▶ **WHAT YOU ARE ASKED TO DO**
From the entries below, retype only the lines from the one with "(* Let $T=(V,E)$" through the one with "set \<Rightarrow> 'v set set \<Rightarrow> 'v", exactly as written.

(Beginning of INFORMATION)

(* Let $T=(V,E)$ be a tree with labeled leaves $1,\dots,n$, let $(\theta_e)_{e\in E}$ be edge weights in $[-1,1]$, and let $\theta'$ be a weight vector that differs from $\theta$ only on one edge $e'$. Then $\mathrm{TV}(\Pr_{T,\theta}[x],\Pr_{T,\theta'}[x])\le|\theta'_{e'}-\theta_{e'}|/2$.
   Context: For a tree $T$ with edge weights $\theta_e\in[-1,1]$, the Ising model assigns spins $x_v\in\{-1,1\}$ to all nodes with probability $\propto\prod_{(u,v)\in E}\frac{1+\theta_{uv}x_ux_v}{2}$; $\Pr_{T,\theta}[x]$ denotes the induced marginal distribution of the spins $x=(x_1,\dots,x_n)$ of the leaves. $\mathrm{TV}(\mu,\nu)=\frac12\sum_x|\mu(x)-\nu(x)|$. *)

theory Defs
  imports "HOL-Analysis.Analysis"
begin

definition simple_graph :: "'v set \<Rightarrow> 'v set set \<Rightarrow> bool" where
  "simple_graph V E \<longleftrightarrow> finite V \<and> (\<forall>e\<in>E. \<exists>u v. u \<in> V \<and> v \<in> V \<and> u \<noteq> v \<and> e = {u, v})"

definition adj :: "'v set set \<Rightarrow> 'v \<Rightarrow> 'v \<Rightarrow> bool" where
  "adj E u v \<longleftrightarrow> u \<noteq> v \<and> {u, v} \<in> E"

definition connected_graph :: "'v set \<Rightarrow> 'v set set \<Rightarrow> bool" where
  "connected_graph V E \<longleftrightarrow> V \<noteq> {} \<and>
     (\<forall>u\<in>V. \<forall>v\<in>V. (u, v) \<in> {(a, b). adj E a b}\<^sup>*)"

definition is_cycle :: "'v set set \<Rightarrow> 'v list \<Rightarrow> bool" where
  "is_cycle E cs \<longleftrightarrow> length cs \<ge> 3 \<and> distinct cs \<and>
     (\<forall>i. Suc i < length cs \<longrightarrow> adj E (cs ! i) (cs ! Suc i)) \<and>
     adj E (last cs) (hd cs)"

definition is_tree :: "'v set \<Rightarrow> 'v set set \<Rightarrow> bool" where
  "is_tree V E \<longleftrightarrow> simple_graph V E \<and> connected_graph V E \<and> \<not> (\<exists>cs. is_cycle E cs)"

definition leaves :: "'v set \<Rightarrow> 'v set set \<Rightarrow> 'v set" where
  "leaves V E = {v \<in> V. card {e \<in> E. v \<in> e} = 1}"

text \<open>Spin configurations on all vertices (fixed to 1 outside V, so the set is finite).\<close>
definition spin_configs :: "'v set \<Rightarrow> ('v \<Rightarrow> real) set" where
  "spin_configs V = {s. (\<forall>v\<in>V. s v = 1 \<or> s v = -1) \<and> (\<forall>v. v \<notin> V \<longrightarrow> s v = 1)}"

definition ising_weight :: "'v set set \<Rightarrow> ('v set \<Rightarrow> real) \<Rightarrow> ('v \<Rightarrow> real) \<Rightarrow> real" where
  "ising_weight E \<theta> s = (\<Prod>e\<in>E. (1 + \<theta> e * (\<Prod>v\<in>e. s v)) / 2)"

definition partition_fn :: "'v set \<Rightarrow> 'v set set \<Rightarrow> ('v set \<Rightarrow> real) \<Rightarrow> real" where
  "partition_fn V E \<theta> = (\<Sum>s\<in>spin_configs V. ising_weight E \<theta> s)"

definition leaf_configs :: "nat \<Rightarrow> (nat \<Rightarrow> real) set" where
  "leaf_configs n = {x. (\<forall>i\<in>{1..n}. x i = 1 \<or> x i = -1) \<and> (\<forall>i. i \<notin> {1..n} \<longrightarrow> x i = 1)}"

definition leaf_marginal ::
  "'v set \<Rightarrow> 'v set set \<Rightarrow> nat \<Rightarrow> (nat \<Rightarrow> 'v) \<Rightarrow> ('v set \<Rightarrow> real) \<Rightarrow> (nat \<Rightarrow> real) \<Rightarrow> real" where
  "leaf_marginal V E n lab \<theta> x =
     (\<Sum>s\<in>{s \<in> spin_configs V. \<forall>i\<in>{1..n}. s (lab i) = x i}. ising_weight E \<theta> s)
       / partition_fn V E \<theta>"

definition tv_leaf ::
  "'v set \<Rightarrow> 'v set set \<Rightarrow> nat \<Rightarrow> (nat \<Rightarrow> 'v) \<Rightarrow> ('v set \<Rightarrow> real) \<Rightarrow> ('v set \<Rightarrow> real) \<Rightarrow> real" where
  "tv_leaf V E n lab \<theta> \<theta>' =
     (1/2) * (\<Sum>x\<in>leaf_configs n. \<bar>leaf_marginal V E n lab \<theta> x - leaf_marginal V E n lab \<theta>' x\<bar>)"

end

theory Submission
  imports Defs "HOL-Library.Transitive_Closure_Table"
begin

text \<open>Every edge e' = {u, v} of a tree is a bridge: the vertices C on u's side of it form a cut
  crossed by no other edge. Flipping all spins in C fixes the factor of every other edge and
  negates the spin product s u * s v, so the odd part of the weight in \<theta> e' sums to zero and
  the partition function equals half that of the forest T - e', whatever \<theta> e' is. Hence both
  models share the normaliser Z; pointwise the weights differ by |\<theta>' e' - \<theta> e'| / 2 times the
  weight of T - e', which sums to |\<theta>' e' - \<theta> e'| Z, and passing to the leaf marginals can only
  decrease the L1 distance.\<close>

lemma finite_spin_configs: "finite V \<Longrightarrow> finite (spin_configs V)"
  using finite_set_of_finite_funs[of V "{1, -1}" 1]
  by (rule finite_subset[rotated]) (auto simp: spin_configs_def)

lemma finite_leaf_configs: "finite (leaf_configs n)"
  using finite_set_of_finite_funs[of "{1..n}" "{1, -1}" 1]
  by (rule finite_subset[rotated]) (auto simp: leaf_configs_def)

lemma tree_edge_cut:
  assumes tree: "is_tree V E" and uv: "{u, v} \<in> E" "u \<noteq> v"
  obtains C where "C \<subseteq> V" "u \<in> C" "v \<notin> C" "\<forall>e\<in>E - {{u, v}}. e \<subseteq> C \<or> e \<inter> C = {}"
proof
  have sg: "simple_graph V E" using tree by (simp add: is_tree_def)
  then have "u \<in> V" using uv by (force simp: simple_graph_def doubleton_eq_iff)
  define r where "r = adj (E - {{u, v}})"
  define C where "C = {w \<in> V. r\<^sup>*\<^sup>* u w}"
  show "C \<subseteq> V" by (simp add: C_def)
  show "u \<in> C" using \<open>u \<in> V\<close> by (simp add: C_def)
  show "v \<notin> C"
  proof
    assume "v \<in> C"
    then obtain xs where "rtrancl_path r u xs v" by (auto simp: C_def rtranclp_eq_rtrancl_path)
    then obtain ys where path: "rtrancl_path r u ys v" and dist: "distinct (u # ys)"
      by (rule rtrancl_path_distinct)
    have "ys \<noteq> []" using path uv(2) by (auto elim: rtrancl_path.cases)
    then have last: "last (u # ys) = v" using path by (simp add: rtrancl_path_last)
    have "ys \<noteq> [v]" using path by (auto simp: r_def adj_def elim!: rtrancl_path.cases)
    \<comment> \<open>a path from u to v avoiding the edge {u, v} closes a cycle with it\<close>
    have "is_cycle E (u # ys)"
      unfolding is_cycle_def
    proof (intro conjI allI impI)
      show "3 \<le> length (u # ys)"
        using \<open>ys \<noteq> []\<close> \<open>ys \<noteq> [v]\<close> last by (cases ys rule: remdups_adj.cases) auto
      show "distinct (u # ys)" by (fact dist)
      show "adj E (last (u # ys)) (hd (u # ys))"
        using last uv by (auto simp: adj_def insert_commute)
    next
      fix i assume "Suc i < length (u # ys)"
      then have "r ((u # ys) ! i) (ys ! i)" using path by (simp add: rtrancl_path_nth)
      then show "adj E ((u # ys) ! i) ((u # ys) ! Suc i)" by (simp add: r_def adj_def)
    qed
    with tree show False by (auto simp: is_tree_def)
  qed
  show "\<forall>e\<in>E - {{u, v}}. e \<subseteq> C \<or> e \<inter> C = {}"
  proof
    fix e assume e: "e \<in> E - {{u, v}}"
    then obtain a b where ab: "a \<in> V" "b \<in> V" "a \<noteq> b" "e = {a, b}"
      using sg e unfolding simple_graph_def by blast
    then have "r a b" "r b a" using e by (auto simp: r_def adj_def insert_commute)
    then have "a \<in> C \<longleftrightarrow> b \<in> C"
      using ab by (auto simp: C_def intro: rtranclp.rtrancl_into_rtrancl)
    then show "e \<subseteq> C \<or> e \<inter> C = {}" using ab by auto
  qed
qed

(End of INFORMATION)
(Beginning of INFORMATION)

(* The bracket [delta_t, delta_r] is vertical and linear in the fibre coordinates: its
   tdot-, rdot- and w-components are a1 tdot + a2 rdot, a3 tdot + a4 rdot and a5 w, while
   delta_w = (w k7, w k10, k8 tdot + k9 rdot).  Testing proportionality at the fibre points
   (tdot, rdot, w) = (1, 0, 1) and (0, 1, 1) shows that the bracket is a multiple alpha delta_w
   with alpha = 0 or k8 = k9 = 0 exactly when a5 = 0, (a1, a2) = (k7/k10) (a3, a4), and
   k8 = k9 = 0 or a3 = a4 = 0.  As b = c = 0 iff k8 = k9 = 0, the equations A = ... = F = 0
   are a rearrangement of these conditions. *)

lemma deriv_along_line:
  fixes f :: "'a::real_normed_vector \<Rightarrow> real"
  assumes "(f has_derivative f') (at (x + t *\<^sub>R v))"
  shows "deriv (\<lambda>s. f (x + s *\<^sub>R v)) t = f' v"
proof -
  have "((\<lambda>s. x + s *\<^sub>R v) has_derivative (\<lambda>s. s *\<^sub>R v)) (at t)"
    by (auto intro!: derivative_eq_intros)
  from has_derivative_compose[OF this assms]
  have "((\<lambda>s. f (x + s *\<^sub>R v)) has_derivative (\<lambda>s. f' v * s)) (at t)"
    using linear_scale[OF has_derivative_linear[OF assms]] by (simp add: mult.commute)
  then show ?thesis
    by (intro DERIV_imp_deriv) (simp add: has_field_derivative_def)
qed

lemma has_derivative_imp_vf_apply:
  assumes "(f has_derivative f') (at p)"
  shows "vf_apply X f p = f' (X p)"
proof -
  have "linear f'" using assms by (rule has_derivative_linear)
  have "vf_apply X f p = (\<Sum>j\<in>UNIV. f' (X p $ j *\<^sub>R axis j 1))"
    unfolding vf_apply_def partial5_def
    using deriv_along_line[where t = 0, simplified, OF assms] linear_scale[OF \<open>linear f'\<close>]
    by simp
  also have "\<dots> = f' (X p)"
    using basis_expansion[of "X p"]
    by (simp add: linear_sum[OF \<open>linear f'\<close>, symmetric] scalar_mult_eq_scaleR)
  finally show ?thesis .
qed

(End of INFORMATION)
(Beginning of INFORMATION)

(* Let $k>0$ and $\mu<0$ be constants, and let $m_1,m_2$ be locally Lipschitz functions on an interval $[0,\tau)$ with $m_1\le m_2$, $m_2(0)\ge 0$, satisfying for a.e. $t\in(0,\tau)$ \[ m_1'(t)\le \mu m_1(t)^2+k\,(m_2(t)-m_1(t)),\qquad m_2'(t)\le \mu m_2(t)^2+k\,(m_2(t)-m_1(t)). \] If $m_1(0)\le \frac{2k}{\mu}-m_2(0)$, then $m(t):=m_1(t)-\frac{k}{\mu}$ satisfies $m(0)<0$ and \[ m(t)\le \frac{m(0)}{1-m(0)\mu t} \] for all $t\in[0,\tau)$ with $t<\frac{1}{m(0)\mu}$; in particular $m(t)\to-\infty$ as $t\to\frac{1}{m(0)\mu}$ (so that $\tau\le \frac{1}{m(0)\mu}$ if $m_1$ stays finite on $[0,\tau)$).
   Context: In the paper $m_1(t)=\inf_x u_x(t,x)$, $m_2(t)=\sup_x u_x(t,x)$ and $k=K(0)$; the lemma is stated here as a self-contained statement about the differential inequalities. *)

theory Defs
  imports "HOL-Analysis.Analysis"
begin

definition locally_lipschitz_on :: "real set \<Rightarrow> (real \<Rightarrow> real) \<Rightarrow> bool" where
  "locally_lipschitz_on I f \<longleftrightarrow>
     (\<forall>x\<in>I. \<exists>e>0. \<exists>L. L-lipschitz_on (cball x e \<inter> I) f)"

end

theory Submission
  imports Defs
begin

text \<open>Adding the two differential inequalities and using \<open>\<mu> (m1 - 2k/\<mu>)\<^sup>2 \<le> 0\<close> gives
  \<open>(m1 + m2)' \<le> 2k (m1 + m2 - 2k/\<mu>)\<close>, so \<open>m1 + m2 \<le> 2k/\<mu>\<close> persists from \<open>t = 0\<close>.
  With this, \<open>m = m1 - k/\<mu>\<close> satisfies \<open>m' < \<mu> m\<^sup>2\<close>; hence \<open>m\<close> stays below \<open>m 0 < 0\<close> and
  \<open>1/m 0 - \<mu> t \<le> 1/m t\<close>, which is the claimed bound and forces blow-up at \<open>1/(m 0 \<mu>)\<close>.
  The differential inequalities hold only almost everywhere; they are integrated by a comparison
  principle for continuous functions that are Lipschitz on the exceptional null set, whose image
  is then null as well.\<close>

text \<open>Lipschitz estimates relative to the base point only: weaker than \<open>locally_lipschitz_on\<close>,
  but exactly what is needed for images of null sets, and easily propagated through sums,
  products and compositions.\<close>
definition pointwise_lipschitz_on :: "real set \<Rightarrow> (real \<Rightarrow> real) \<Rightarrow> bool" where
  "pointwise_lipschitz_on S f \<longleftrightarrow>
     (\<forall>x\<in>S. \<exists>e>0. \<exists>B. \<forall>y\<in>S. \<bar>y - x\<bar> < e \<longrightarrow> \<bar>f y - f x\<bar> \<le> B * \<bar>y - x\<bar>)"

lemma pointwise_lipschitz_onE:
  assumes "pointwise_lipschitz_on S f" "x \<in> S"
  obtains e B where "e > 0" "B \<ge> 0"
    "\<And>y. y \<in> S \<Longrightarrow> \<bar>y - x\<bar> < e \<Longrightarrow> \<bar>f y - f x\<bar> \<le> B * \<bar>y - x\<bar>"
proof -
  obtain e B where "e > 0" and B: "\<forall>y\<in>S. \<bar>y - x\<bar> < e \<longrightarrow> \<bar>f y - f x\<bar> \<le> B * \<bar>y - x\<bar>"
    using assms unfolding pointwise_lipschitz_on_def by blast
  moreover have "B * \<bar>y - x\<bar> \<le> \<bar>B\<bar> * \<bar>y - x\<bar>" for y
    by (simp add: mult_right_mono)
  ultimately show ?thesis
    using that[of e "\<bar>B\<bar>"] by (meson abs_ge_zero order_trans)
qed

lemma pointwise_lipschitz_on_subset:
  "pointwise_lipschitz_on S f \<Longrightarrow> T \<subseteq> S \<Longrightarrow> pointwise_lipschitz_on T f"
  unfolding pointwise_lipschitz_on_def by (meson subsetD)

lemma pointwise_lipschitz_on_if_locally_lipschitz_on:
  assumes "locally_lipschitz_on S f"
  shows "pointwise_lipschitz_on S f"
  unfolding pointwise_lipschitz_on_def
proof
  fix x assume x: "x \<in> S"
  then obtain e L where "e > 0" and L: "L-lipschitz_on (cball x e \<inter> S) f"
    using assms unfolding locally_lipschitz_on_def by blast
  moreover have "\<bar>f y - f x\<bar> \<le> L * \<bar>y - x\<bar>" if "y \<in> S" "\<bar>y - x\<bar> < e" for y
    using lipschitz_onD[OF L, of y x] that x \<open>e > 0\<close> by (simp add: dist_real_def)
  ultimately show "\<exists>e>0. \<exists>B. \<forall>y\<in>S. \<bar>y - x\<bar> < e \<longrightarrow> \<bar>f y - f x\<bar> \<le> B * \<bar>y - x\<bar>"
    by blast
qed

(End of INFORMATION)

▶ **RESULT FOR THIS EXERCISE**
(* Let $T=(V,E)$ be a tree with labeled leaves $1,\dots,n$, let $(\theta_e)_{e\in E}$ be edge weights in $[-1,1]$, and let $\theta'$ be a weight vector that differs from $\theta$ only on one edge $e'$. Then $\mathrm{TV}(\Pr_{T,\theta}[x],\Pr_{T,\theta'}[x])\le|\theta'_{e'}-\theta_{e'}|/2$.
   Context: For a tree $T$ with edge weights $\theta_e\in[-1,1]$, the Ising model assigns spins $x_v\in\{-1,1\}$ to all nodes with probability $\propto\prod_{(u,v)\in E}\frac{1+\theta_{uv}x_ux_v}{2}$; $\Pr_{T,\theta}[x]$ denotes the induced marginal distribution of the spins $x=(x_1,\dots,x_n)$ of the leaves. $\mathrm{TV}(\mu,\nu)=\frac12\sum_x|\mu(x)-\nu(x)|$. *)

theory Defs
  imports "HOL-Analysis.Analysis"
begin

definition simple_graph :: "'v set \<Rightarrow> 'v set set \<Rightarrow> bool" where
  "simple_graph V E \<longleftrightarrow> finite V \<and> (\<forall>e\<in>E. \<exists>u v. u \<in> V \<and> v \<in> V \<and> u \<noteq> v \<and> e = {u, v})"

definition adj :: "'v set set \<Rightarrow> 'v \<Rightarrow> 'v \<Rightarrow> bool" where
  "adj E u v \<longleftrightarrow> u \<noteq> v \<and> {u, v} \<in> E"

definition connected_graph :: "'v set \<Rightarrow> 'v set set \<Rightarrow> bool" where
  "connected_graph V E \<longleftrightarrow> V \<noteq> {} \<and>
     (\<forall>u\<in>V. \<forall>v\<in>V. (u, v) \<in> {(a, b). adj E a b}\<^sup>*)"

definition is_cycle :: "'v set set \<Rightarrow> 'v list \<Rightarrow> bool" where
  "is_cycle E cs \<longleftrightarrow> length cs \<ge> 3 \<and> distinct cs \<and>
     (\<forall>i. Suc i < length cs \<longrightarrow> adj E (cs ! i) (cs ! Suc i)) \<and>
     adj E (last cs) (hd cs)"

definition is_tree :: "'v set \<Rightarrow> 'v set set \<Rightarrow> bool" where
  "is_tree V E \<longleftrightarrow> simple_graph V E \<and> connected_graph V E \<and> \<not> (\<exists>cs. is_cycle E cs)"

definition leaves :: "'v set \<Rightarrow> 'v set set \<Rightarrow> 'v set" where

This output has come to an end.